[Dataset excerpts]

___

lemma binary_weight_2_not_mem:
  assumes y: "(y, replicate \<beta> 0) \<in> D"
  shows "sum_list y \<noteq> 2"
proof
  assume s: "sum_list y = 2"
  obtain c where c: "c \<in> C" "parity_extend p c = (y, replicate \<beta> 0)" using y by auto
  obtain u where cu: "c = (u, replicate \<beta> 0)" and u: "\<forall>a\<in>set u. a < 2"
    using c code_subset_space[OF c(1)] unfolding parity_extend_def z2z4_space_def by (cases c) auto
  have w: "z2z4_weight c = sum_list u" using z2z4_weight_binary[OF u] cu by (simp add: lee_wt_def)
  have "y = take p u @ [sum_list u mod 2] @ drop p u"
    using c(2) cu parity_extend_binary[OF u, of "replicate \<beta> 0"] by (simp add: lee_wt_def sum_list_replicate)
  then have "sum_list y = sum_list u + sum_list u mod 2" by (simp add: sum_list_insert_at del: sum_list_append)
  with s w have "z2z4_weight c \<noteq> 0" and "z2z4_weight c < 3" by linarith+
  then show False using min_weight[OF c(1)] by simp
qed

definition binary_subcode :: "nat list set" where
  "binary_subcode = {y. (y, replicate \<beta> 0) \<in> D}"

lemma binary_subcode_binvecs: "binary_subcode \<subseteq> binvecs (Suc \<alpha>)"
  unfolding binary_subcode_def binvecs_def using D_subset_space unfolding z2z4_space_def by auto

lemma zero_mem_binary_subcode: "replicate (Suc \<alpha>) 0 \<in> binary_subcode"
proof -
  have "take p (replicate \<alpha> 0) @ [0] @ drop p (replicate \<alpha> (0::nat)) = replicate (Suc \<alpha>) 0"
    using p_le by (intro replicate_eqI) (auto dest: in_set_takeD in_set_dropD)
  then have "parity_extend p (z2z4_zero \<alpha> \<beta>) = (replicate (Suc \<alpha>) 0, replicate \<beta> 0)"
    using z2z4_weight_zero[of \<alpha> \<beta>] unfolding parity_extend_def z2z4_zero_def by simp
  then show ?thesis unfolding binary_subcode_def using zero_mem by force
qed

lemma bin_add_mem_binary_subcode:
  "x \<in> binary_subcode \<Longrightarrow> y \<in> binary_subcode \<Longrightarrow> bin_add x y \<in> binary_subcode"
  using D_add_mem[of "(x, replicate \<beta> 0)" "(y, replicate \<beta> 0)"]
  unfolding binary_subcode_def z2z4_add_def bin_add_def by (simp add: zip_same_conv_map)

text \<open>\<open>\<sigma>\<^sup>\<alpha>\<close> fixes the zero \<open>\<int>\<^sub>4\<close> part and rotates the binary part of length \<open>\<alpha> + 1\<close> by
\<open>\<alpha>\<^sup>2 \<equiv> 1\<close>.\<close>
lemma rotate_1_mem_binary_subcode:
  assumes x: "x \<in> binary_subcode"
  shows "rotate 1 x \<in> binary_subcode"
proof -
  have lx: "length x = Suc \<alpha>" using x binary_subcode_binvecs unfolding binvecs_def by auto
  have "(z2z4_sigma ^^ \<alpha>) (x, replicate \<beta> 0) = (rotate (\<alpha> * \<alpha>) x, replicate \<beta> 0)"
    using lx by (simp add: funpow_z2z4_sigma rotate_replicate)
  moreover have "rotate (\<alpha> * \<alpha>) x = rotate 1 x"
  proof (cases "\<alpha> = 0")
    case False
    then have "(\<alpha> * \<alpha>) mod Suc \<alpha> = 1" using mod_square_pred[of "Suc \<alpha>"] by simp
    with lx show ?thesis by (metis rotate_conv_mod)
  qed (use lx in simp)
  moreover have "(z2z4_sigma ^^ \<alpha>) (x, replicate \<beta> 0) \<in> D"
    using D_funpow_sigma_mem x unfolding binary_subcode_def by simp
  ultimately show ?thesis unfolding binary_subcode_def by simp
qed

lemma bin_add_rotate_mem_binary_subcode: "x \<in> binary_subcode \<Longrightarrow> bin_add_rotate 1 x \<in> binary_subcode"
  unfolding bin_add_rotate_def by (intro bin_add_mem_binary_subcode rotate_1_mem_binary_subcode)

lemma card_binary_subcode: "2 ^ \<alpha> \<le> card binary_subcode * (\<alpha> + 1)"
proof -
  let ?g = "\<lambda>u. take p u @ [sum_list u mod 2] @ drop p u"
  have img: "?g ` binary_codewords \<subseteq> binary_subcode"
  proof
    fix y assume "y \<in> ?g ` binary_codewords"
    then obtain u where u: "(u, replicate \<beta> 0) \<in> C" "y = ?g u"
      unfolding binary_codewords_def by auto
    then have "\<forall>a\<in>set u. a < 2" using code_subset_space unfolding z2z4_space_def by auto
    with u have "parity_extend p (u, replicate \<beta> 0) = (y, replicate \<beta> 0)"
      using parity_extend_binary by (simp add: lee_wt_def sum_list_replicate)
    with u show "y \<in> binary_subcode" unfolding binary_subcode_def by force
  qed
  moreover have inj: "inj_on ?g binary_codewords"
  proof
    fix u v assume uv: "u \<in> binary_codewords" "v \<in> binary_codewords" "?g u = ?g v"
    have "length u = \<alpha>" "length v = \<alpha>" using uv binary_codewords_binvecs unfolding binvecs_def by auto
    then have "take p (?g u) @ drop (Suc p) (?g u) = u" "take p (?g v) @ drop (Suc p) (?g v) = v"
      using p_le by simp_all
    with uv show "u = v" by metis
  qed
  moreover have "finite binary_subcode" using binary_subcode_binvecs finite_binvecs finite_subset by blast
  ultimately have "card binary_codewords \<le> card binary_subcode"
    using card_image[OF inj] card_mono[OF _ img] by simp
  then show ?thesis using card_binary_codewords by (meson le_trans mult_le_mono1)
qed

lemma card_binary_subcode_ge:
  assumes r: "3 \<le> r" and \<alpha>: "\<alpha> = 2 ^ r - 1"
  shows "2 ^ (2 ^ (r - 1)) \<le> card binary_subcode"
proof -
  define A where "A = (2::nat) ^ (r - 1)"
  have N: "Suc \<alpha> = 2 * A" unfolding \<alpha> A_def using r by (simp flip: power_Suc)
  have "2 ^ A * 2 ^ r = (2::nat) ^ (A + r)" by (simp add: power_add)
  also have "\<dots> \<le> 2 ^ \<alpha>" using N two_pow_pred_ge[OF r] unfolding A_def by (intro power_increasing) auto
  also have "\<dots> \<le> card binary_subcode * 2 ^ r" using card_binary_subcode \<alpha> by simp
  finally show ?thesis unfolding A_def by simp
qed

lemma r_ge_3_impossible:
  assumes r: "3 \<le> r" and \<alpha>: "\<alpha> = 2 ^ r - 1"
  shows False
proof -
  define N A where "N = Suc \<alpha>" and "A = (2::nat) ^ (r - 1)"
  have N: "N = 2 ^ r" unfolding N_def \<alpha> by simp
  have NA: "N = 2 * A" unfolding N A_def using r by (simp flip: power_Suc)
  have A0: "0 < A" unfolding A_def by simp
  interpret chain: nilpotent_modulo_subgroup "binvecs N" binary_subcode bin_add "bin_add_rotate 1" N
  proof
    fix x assume x: "x \<in> binvecs N"
    have "(bin_add_rotate 1 ^^ N) x = bin_add_rotate N x"
      using funpow_bin_add_rotate_1[OF x, of r] N by simp
    then show "(bin_add_rotate 1 ^^ N) x \<in> binary_subcode"
      using bin_add_rotate_length_eq_zero[OF x] zero_mem_binary_subcode N_def by simp
  qed (use binary_subcode_binvecs N_def finite_binvecs bin_add_binvecs bin_add_comm bin_add_cancel
      bin_add_mem_binary_subcode bin_add_rotate_binvecs bin_add_rotate_bin_add
      bin_add_rotate_mem_binary_subcode in auto)
  have "card (binvecs N) = 2 ^ A * 2 ^ A" using NA by (simp add: card_binvecs power_add[symmetric] mult_2)
  also have "\<dots> \<le> 2 ^ A * card binary_subcode"
    using card_binary_subcode_ge[OF r \<alpha>] unfolding A_def by simp
  finally have "chain.preimage A = binvecs N" by (rule chain.preimage_eq_space)
  moreover have e: "1 # replicate (N - 1) 0 \<in> binvecs N" using NA A0 by (intro unit_binvecs) simp
  ultimately have "(bin_add_rotate 1 ^^ A) (1 # replicate (N - 1) 0) \<in> binary_subcode"
    unfolding chain.preimage_def by blast
  then have "(bin_add_rotate A (1 # replicate (N - 1) 0), replicate \<beta> 0) \<in> D"
    using funpow_bin_add_rotate_1[OF e, of "r - 1"] unfolding A_def binary_subcode_def by simp
  then show False
    using binary_weight_2_not_mem sum_list_bin_add_rotate_unit[OF A0 NA] by blast
qed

___

EXERCISE OBJECTIVE
The line containing "define A where" marks where to begin; the last line of the records marks where to stop. Copy both and all between, exactly.

REPLY
  define A where "A = (2::nat) ^ (r - 1)"
  have N: "Suc \<alpha> = 2 * A" unfolding \<alpha> A_def using r by (simp flip: power_Suc)
  have "2 ^ A * 2 ^ r = (2::nat) ^ (A + r)" by (simp add: power_add)
  also have "\<dots> \<le> 2 ^ \<alpha>" using N two_pow_pred_ge[OF r] unfolding A_def by (intro power_increasing) auto
  also have "\<dots> \<le> card binary_subcode * 2 ^ r" using card_binary_subcode \<alpha> by simp
  finally show ?thesis unfolding A_def by simp
qed

lemma r_ge_3_impossible:
  assumes r: "3 \<le> r" and \<alpha>: "\<alpha> = 2 ^ r - 1"
  shows False
proof -
  define N A where "N = Suc \<alpha>" and "A = (2::nat) ^ (r - 1)"
  have N: "N = 2 ^ r" unfolding N_def \<alpha> by simp
  have NA: "N = 2 * A" unfolding N A_def using r by (simp flip: power_Suc)
  have A0: "0 < A" unfolding A_def by simp
  interpret chain: nilpotent_modulo_subgroup "binvecs N" binary_subcode bin_add "bin_add_rotate 1" N
  proof
    fix x assume x: "x \<in> binvecs N"
    have "(bin_add_rotate 1 ^^ N) x = bin_add_rotate N x"
      using funpow_bin_add_rotate_1[OF x, of r] N by simp
    then show "(bin_add_rotate 1 ^^ N) x \<in> binary_subcode"
      using bin_add_rotate_length_eq_zero[OF x] zero_mem_binary_subcode N_def by simp
  qed (use binary_subcode_binvecs N_def finite_binvecs bin_add_binvecs bin_add_comm bin_add_cancel
      bin_add_mem_binary_subcode bin_add_rotate_binvecs bin_add_rotate_bin_add
      bin_add_rotate_mem_binary_subcode in auto)
  have "card (binvecs N) = 2 ^ A * 2 ^ A" using NA by (simp add: card_binvecs power_add[symmetric] mult_2)
  also have "\<dots> \<le> 2 ^ A * card binary_subcode"
    using card_binary_subcode_ge[OF r \<alpha>] unfolding A_def by simp
  finally have "chain.preimage A = binvecs N" by (rule chain.preimage_eq_space)
  moreover have e: "1 # replicate (N - 1) 0 \<in> binvecs N" using NA A0 by (intro unit_binvecs) simp
  ultimately have "(bin_add_rotate 1 ^^ A) (1 # replicate (N - 1) 0) \<in> binary_subcode"
    unfolding chain.preimage_def by blast
  then have "(bin_add_rotate A (1 # replicate (N - 1) 0), replicate \<beta> 0) \<in> D"
    using funpow_bin_add_rotate_1[OF e, of "r - 1"] unfolding A_def binary_subcode_def by simp
  then show False
    using binary_weight_2_not_mem sum_list_bin_add_rotate_unit[OF A0 NA] by blast
qed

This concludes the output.